Tool calling round-trip

After the model emits tool_calls, run the tool yourself, append the result as a tool message, and call infer again. Pass the same tools and toolChoice so the second turn sees the same surface.

import type { ChatMessage } from "arkor";

const tools = [
  {
    type: "function" as const,
    function: {
      name: "get_weather",
      parameters: {
        type: "object",
        properties: { city: { type: "string" } },
        required: ["city"],
      },
    },
  },
];

const messages: ChatMessage[] = [
  { role: "user", content: "What's the weather in Tokyo?" },
];

const first = await infer({ messages, tools, toolChoice: "auto", stream: false });
const firstData = (await first.json()) as { choices: Array<{ message: ChatMessage }> };
const reply = firstData.choices[0].message;

if (reply.role === "assistant" && reply.tool_calls?.length) {
  const call = reply.tool_calls[0];
  const args = JSON.parse(call.function.arguments) as { city: string };
  const result = await getWeather(args.city);

  const second = await infer({
    messages: [
      ...messages,
      reply,                                        // assistant turn carrying tool_calls
      { role: "tool", tool_call_id: call.id, content: JSON.stringify(result) },
    ],
    tools,
    toolChoice: "auto",
    stream: false,
  });
  const finalReply = ((await second.json()) as { choices: Array<{ message: ChatMessage }> })
    .choices[0].message;
  // finalReply.content is the user-facing answer.
}

tool_calls[i].function.arguments is a JSON-encoded string, not a parsed object — JSON.parse it on receipt. tool_call_id on the tool message must match the id from the assistant’s prior tool_calls[i] so the model can attribute the result to the right call.

Type definitions

The supporting types are exported from arkor.

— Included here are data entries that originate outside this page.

lemma sum_lessThan_reflect:
  fixes g :: "nat \<Rightarrow> 'a::comm_semiring_1"
  assumes n: "0 < n" and reflect: "\<And>k. 0 < k \<Longrightarrow> k < n \<Longrightarrow> g (n - k) = g k"
  shows "(\<Sum>k<n. g k)
    = g 0 + (if even n then g (n div 2) else 0) + 2 * (\<Sum>k\<in>{1..(n - 1) div 2}. g k)"
proof -
  define h where "h = (n - 1) div 2"
  have bounds:
    "(0::nat) \<le> 1" "1 \<le> n" "1 \<le> h + 1" "h + 1 \<le> n" "h + 1 \<le> n - h" "n - h \<le> n"
    using n by (auto simp: h_def)
  have "(\<Sum>k<n. g k) = (\<Sum>k\<in>{0..<1}. g k) + ((\<Sum>k\<in>{1..<h + 1}. g k)
      + ((\<Sum>k\<in>{h + 1..<n - h}. g k) + (\<Sum>k\<in>{n - h..<n}. g k)))"
    unfolding lessThan_atLeast0 using bounds by (simp only: sum.atLeastLessThan_concat)
  also have "(\<Sum>k\<in>{n - h..<n}. g k) = (\<Sum>k\<in>{1..h}. g k)"
    by (rule sum.reindex_bij_witness[of _ "\<lambda>k. n - k" "\<lambda>k. n - k"])
       (use n in \<open>auto simp: h_def intro: reflect\<close>)
  also have "(\<Sum>k\<in>{h + 1..<n - h}. g k) = (if even n then g (n div 2) else 0)"
  proof (cases "even n")
    case True
    then have "{h + 1..<n - h} = {n div 2}" using n by (auto simp: h_def elim!: evenE)
    then show ?thesis using True by simp
  next
    case False
    then have "{h + 1..<n - h} = {}" by (auto simp: h_def elim!: oddE)
    then show ?thesis using False by simp
  qed
  finally show ?thesis by (simp add: h_def atLeastLessThanSuc_atLeastAtMost mult_2 add_ac)
qed

lemma ppow_dft_expansion:
  assumes "0 < n" and "p < n"
  shows "of_real (ppow n u m p) = (\<Sum>k<n. dft n u k ^ m * cnj (unit_root n ^ (k * p))) / of_nat n"
proof -
  have "(\<Sum>k<n. dft n u k ^ m * cnj (unit_root n ^ (k * p))) = of_nat n * of_real (ppow n u m p)"
    using dft_inversion[OF assms, of "ppow n u m"] by (simp only: dft_ppow[OF assms(1)])
  then show ?thesis
    using assms(1) by simp
qed

lemma real_coeffs_series_cnj:
  assumes f: "\<And>z. (\<lambda>j. of_real (c j) * z ^ e j) sums f z"
  shows "f (cnj z) = cnj (f z)"
proof -
  have "(\<lambda>j. cnj (of_real (c j) * z ^ e j)) sums cnj (f z)"
    by (rule sums_cnj[THEN iffD2, OF f])
  then have "(\<lambda>j. of_real (c j) * cnj z ^ e j) sums cnj (f z)"
    by simp
  with f[of "cnj z"] show ?thesis
    by (rule sums_unique2)
qed

lemma ppow_series_sums:
  fixes c :: "nat \<Rightarrow> real" and e :: "nat \<Rightarrow> nat"
  assumes f: "\<And>z. (\<lambda>j. of_real (c j) * z ^ e j) sums f z" and n: "0 < n" and p: "p < n"
  shows "(\<lambda>j. c j * ppow n u (e j) p) sums
    ((\<Sum>k<n. Re (f (dft n u k) * cnj (unit_root n ^ (k * p)))) / real n)"
proof -
  have "(\<lambda>j. (\<Sum>k<n. of_real (c j) * dft n u k ^ e j * cnj (unit_root n ^ (k * p))) / of_nat n)
      sums ((\<Sum>k<n. f (dft n u k) * cnj (unit_root n ^ (k * p))) / of_nat n)"
    by (intro sums_divide sums_sum sums_mult2 f)
  moreover have "(\<Sum>k<n. of_real (c j) * dft n u k ^ e j * cnj (unit_root n ^ (k * p))) / of_nat n
      = of_real (c j * ppow n u (e j) p)" for j
    by (simp add: ppow_dft_expansion[OF n p] sum_distrib_left mult.assoc del: complex_cnj_power)
  ultimately have "(\<lambda>j. of_real (c j * ppow n u (e j) p)) sums
      ((\<Sum>k<n. f (dft n u k) * cnj (unit_root n ^ (k * p))) / of_nat n)"
    by simp
  from sums_Re[OF this] show ?thesis
    by (simp add: Re_sum del: complex_cnj_power)
qed

lemma Re_mult_cnj_cis: "Re (w * cnj (cis t)) = cos t * Re w + sin t * Im w"
  by (simp add: cis_cnj)

theorem ppow_series_sums_canonical:
  fixes c :: "nat \<Rightarrow> real" and e :: "nat \<Rightarrow> nat"
  assumes f: "\<And>z. (\<lambda>j. of_real (c j) * z ^ e j) sums f z" and n: "0 < n" and p: "p < n"
  shows "(\<lambda>j. c j * ppow n u (e j) p) sums
    ((Re (f (of_real (vplus n u)))
      + (if even n then (-1) ^ p * Re (f (of_real (vminus n u))) else 0)
      + 2 * (\<Sum>k\<in>{1..(n - 1) div 2}. cos (2 * pi * real k * real p / real n) * Re (f (dft n u k))
                                    + sin (2 * pi * real k * real p / real n) * Im (f (dft n u k))))
     / real n)"
proof -
  define g where "g k = Re (f (dft n u k) * cnj (unit_root n ^ (k * p)))" for k
  have "g (n - k) = g k" if "k < n" for k
  proof -
    have "f (dft n u (n - k)) * cnj (unit_root n ^ ((n - k) * p))
        = cnj (f (dft n u k) * cnj (unit_root n ^ (k * p)))"
      using that by (simp only: dft_reflect unit_root_power_reflect real_coeffs_series_cnj[OF f]
          less_imp_le complex_cnj_mult)
    then show ?thesis by (simp only: g_def complex_cnj_cnj cnj.sel(1))
  qed
  then have "(\<Sum>k<n. g k)
      = g 0 + (if even n then g (n div 2) else 0) + 2 * (\<Sum>k\<in>{1..(n - 1) div 2}. g k)"
    using n by (intro sum_lessThan_reflect) auto
  also have "g 0 = Re (f (of_real (vplus n u)))"
    by (simp add: g_def dft_0)
  also have "(if even n then g (n div 2) else 0)
      = (if even n then (-1) ^ p * Re (f (of_real (vminus n u))) else 0)"
    using n by (simp add: g_def dft_half unit_root_power_half)
  also have "(\<Sum>k\<in>{1..(n - 1) div 2}. g k) = (\<Sum>k\<in>{1..(n - 1) div 2}.
      cos (2 * pi * real k * real p / real n) * Re (f (dft n u k))
      + sin (2 * pi * real k * real p / real n) * Im (f (dft n u k)))"
    by (simp add: g_def unit_root_power Re_mult_cnj_cis mult_ac del: complex_cnj_power)
  finally show ?thesis
    using ppow_series_sums[OF f n p, of u] by (simp add: g_def)
qed

lemma cos_paired_complex:
  "(\<lambda>j. of_real ((-1) ^ j / fact (2 * j)) * z ^ (2 * j)) sums cos (z::complex)"
proof -
  have "(\<lambda>j. \<Sum>i = j * 2..<j * 2 + 2. of_real (cos_coeff i) * z ^ i) sums cos z"
    by (rule sums_group) (use cos_converges[of z, unfolded scaleR_conv_of_real] in auto)
  then show ?thesis
    by (simp add: cos_coeff_def ac_simps)
qed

Inlined here for reference:

export type ChatMessage =
  | { role: "system"; content: string }
  | { role: "user"; content: string }
  | { role: "assistant"; content: string; tool_calls?: ToolCall[] }
  | {
      role: "assistant";
      /** May be omitted or `null` when the turn is purely a tool call. */
      content?: string | null;
      tool_calls: [ToolCall, ...ToolCall[]];
    }
  | { role: "tool"; content: string; tool_call_id: string };

export interface ToolCall {
  id: string;
  type: "function";
  function: {
    name: string;
    /** JSON-encoded arguments string — partial deltas may be streamed. */
    arguments: string;
  };
}

export interface ToolDefinition {
  type: "function";
  function: {
    name: string;
    description?: string;
    /** JSON Schema describing the tool arguments. */
    parameters?: Record<string, unknown>;
    strict?: boolean;
  };
}

export type ToolChoice =
  | "auto"
  | "none"
  | "required"
  | { type: "function"; function: { name: string } };

export type ResponseFormat =
  | { type: "text" }
  | { type: "json_object" }
  | {
      type: "json_schema";
      json_schema: {
        name: string;
        description?: string;
        schema: Record<string, unknown>;
        strict?: boolean;
      };
    };

// Helper: a record where exactly one key is required and every
// sibling is forbidden (typed `never`). Encodes vLLM's
// "must specify exactly one constraint" invariant at the type level.
// Internal to the SDK; shown here so the StructuredOutputs definition
// below is self-contained.
type ExactlyOne<T> = {
  [K in keyof T]: { [P in K]: T[K] } & {
    [P in Exclude<keyof T, K>]?: never;
  };
}[keyof T];

// Exactly one of `json` / `regex` / `choice` / `grammar` /
// `json_object` must be set. Field names are snake_case to match
// vLLM's wire format verbatim.
export type StructuredOutputs = ExactlyOne<{
  json: Record<string, unknown>;
  regex: string;
  choice: string[];
  grammar: string;
  json_object: true;
}> & {
  disable_any_whitespace?: boolean;
  disable_additional_properties?: boolean;
  whitespace_pattern?: string;
};

The assistant role splits into two sub-shapes so { role: "assistant" } with neither content nor tool_calls does not type-check — at least one must be present. The [ToolCall, ...ToolCall[]] form encodes the non-empty tool_calls constraint at the type level.

Returns

infer returns Promise<Response>: the raw Fetch Response. The SDK does not parse the body; you decide how to consume it:

// Streaming (default)
const res = await infer({ messages });
for await (const chunk of res.body!) {
  // chunk: Uint8Array of one or more SSE frames
}

// Or read the whole stream at once
const text = await res.text();

// Or, if you set stream: false, parse the JSON body
const res = await infer({ messages, stream: false });
const data = await res.json();

When stream: true (the default), the body is an SSE event stream in the same shape Studio’s Playground consumes. The SDK does not currently expose a frame parser for this stream; if you need decoded text deltas, copy the small extractInferenceDelta helper from packages/studio-app/src/lib/api.ts or write a parser around eventsource-parser.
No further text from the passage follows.